### Assigned task
One part of the entries below is wanted: the lines from the one containing "define P where" through the one containing "case (Suc s)". Write those out exactly and nothing else.

### Records for this exercise
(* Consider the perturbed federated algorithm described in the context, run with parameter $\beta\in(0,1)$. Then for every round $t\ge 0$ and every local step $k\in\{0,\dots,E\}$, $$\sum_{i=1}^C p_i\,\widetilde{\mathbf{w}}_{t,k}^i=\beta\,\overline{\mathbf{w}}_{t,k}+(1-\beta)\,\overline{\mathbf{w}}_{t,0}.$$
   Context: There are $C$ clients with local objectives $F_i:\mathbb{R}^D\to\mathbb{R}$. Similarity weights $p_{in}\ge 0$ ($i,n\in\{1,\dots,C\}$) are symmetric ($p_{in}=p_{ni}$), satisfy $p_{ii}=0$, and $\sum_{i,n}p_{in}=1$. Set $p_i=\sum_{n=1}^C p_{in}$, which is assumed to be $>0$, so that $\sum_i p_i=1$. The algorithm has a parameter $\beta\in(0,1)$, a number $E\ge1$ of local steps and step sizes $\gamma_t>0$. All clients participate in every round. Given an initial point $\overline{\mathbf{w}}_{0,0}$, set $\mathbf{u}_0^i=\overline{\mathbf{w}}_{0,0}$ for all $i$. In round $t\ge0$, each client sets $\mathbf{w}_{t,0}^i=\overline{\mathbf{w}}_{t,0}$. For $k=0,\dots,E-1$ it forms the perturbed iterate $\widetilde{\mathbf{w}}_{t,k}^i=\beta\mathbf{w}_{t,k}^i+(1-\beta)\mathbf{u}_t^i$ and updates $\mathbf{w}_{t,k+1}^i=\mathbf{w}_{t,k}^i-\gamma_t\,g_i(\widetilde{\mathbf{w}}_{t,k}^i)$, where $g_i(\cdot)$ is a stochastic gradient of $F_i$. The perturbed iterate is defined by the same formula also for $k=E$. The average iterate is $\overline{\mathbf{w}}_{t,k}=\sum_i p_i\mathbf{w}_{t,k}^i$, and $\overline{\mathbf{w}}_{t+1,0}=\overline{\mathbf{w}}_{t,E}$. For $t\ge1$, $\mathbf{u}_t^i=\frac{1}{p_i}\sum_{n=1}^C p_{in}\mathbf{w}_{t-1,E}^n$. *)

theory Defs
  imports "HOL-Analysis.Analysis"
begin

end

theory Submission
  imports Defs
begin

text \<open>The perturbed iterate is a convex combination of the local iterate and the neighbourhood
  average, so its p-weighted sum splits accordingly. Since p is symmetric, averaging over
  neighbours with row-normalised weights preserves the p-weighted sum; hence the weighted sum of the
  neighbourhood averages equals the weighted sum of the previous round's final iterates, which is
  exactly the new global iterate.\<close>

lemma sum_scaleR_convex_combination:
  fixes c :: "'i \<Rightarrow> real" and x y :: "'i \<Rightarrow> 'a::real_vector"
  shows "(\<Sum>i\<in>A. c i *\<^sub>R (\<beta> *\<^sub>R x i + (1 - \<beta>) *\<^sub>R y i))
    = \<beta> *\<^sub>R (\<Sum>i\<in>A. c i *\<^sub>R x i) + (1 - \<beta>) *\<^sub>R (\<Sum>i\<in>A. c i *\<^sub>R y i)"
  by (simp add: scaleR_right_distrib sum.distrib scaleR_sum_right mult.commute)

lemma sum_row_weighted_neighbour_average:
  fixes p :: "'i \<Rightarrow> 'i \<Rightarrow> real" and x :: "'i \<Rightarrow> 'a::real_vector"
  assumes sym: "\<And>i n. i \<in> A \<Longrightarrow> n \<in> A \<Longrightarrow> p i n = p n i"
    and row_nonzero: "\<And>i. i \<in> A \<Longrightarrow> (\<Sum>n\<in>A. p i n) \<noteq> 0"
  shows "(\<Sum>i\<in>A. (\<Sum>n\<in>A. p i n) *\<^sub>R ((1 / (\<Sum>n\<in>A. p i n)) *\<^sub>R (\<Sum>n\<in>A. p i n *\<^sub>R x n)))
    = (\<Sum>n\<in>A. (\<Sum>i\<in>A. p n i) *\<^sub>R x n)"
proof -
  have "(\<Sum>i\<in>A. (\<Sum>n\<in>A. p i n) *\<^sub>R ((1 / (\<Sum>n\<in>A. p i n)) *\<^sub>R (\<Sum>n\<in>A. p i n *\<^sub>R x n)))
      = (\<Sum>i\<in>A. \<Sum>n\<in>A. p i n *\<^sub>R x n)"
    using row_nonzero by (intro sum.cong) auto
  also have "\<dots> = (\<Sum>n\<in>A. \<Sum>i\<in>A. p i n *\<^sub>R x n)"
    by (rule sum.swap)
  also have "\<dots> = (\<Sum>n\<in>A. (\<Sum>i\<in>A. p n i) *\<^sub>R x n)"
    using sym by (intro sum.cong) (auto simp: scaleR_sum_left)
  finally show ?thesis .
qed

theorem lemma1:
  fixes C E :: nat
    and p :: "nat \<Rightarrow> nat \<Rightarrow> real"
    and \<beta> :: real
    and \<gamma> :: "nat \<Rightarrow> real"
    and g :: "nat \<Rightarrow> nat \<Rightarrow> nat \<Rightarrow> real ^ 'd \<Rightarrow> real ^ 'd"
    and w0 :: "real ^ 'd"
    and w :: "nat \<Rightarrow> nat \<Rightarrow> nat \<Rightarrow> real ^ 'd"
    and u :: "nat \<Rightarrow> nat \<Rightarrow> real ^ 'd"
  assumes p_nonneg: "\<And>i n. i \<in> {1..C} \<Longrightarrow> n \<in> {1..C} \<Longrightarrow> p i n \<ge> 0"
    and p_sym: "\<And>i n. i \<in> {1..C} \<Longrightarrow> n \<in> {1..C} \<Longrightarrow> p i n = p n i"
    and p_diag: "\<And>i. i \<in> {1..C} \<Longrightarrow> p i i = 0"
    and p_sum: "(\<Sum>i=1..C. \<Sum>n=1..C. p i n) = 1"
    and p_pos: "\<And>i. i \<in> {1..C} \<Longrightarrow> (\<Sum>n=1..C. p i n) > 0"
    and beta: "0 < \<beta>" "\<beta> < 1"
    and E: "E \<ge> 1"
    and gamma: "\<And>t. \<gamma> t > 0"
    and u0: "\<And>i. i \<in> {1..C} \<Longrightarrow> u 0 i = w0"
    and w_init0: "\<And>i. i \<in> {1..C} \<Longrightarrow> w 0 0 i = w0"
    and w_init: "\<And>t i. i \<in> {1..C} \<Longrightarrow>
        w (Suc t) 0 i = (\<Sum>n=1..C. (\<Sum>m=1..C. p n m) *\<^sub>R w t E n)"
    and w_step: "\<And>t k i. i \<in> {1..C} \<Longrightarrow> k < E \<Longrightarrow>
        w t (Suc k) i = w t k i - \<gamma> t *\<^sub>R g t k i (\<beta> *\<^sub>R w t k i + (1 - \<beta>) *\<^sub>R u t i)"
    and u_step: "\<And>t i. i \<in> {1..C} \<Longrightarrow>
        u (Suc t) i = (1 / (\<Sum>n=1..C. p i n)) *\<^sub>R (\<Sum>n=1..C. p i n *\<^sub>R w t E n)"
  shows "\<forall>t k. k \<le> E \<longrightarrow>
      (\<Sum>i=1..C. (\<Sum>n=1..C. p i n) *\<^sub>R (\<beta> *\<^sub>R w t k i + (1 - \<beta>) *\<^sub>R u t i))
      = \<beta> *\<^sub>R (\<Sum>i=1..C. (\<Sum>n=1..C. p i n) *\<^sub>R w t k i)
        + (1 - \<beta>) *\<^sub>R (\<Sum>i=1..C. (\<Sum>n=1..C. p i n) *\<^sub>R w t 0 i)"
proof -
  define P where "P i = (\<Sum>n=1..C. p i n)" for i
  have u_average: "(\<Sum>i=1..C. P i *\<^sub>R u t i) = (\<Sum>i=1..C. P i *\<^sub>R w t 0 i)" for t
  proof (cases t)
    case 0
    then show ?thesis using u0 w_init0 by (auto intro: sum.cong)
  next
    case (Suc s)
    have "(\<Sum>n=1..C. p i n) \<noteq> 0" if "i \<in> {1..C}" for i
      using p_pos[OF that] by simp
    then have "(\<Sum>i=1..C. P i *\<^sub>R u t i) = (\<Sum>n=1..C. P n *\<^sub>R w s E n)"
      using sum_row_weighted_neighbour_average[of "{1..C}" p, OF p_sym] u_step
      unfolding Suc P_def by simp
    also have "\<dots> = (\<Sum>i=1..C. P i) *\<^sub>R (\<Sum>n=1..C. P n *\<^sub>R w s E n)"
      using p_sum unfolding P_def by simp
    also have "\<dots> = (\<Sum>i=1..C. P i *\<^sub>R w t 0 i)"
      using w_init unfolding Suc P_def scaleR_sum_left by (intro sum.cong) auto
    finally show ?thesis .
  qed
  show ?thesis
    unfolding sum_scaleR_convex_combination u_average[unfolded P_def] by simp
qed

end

### Written response
  define P where "P i = (\<Sum>n=1..C. p i n)" for i
  have u_average: "(\<Sum>i=1..C. P i *\<^sub>R u t i) = (\<Sum>i=1..C. P i *\<^sub>R w t 0 i)" for t
  proof (cases t)
    case 0
    then show ?thesis using u0 w_init0 by (auto intro: sum.cong)
  next
    case (Suc s)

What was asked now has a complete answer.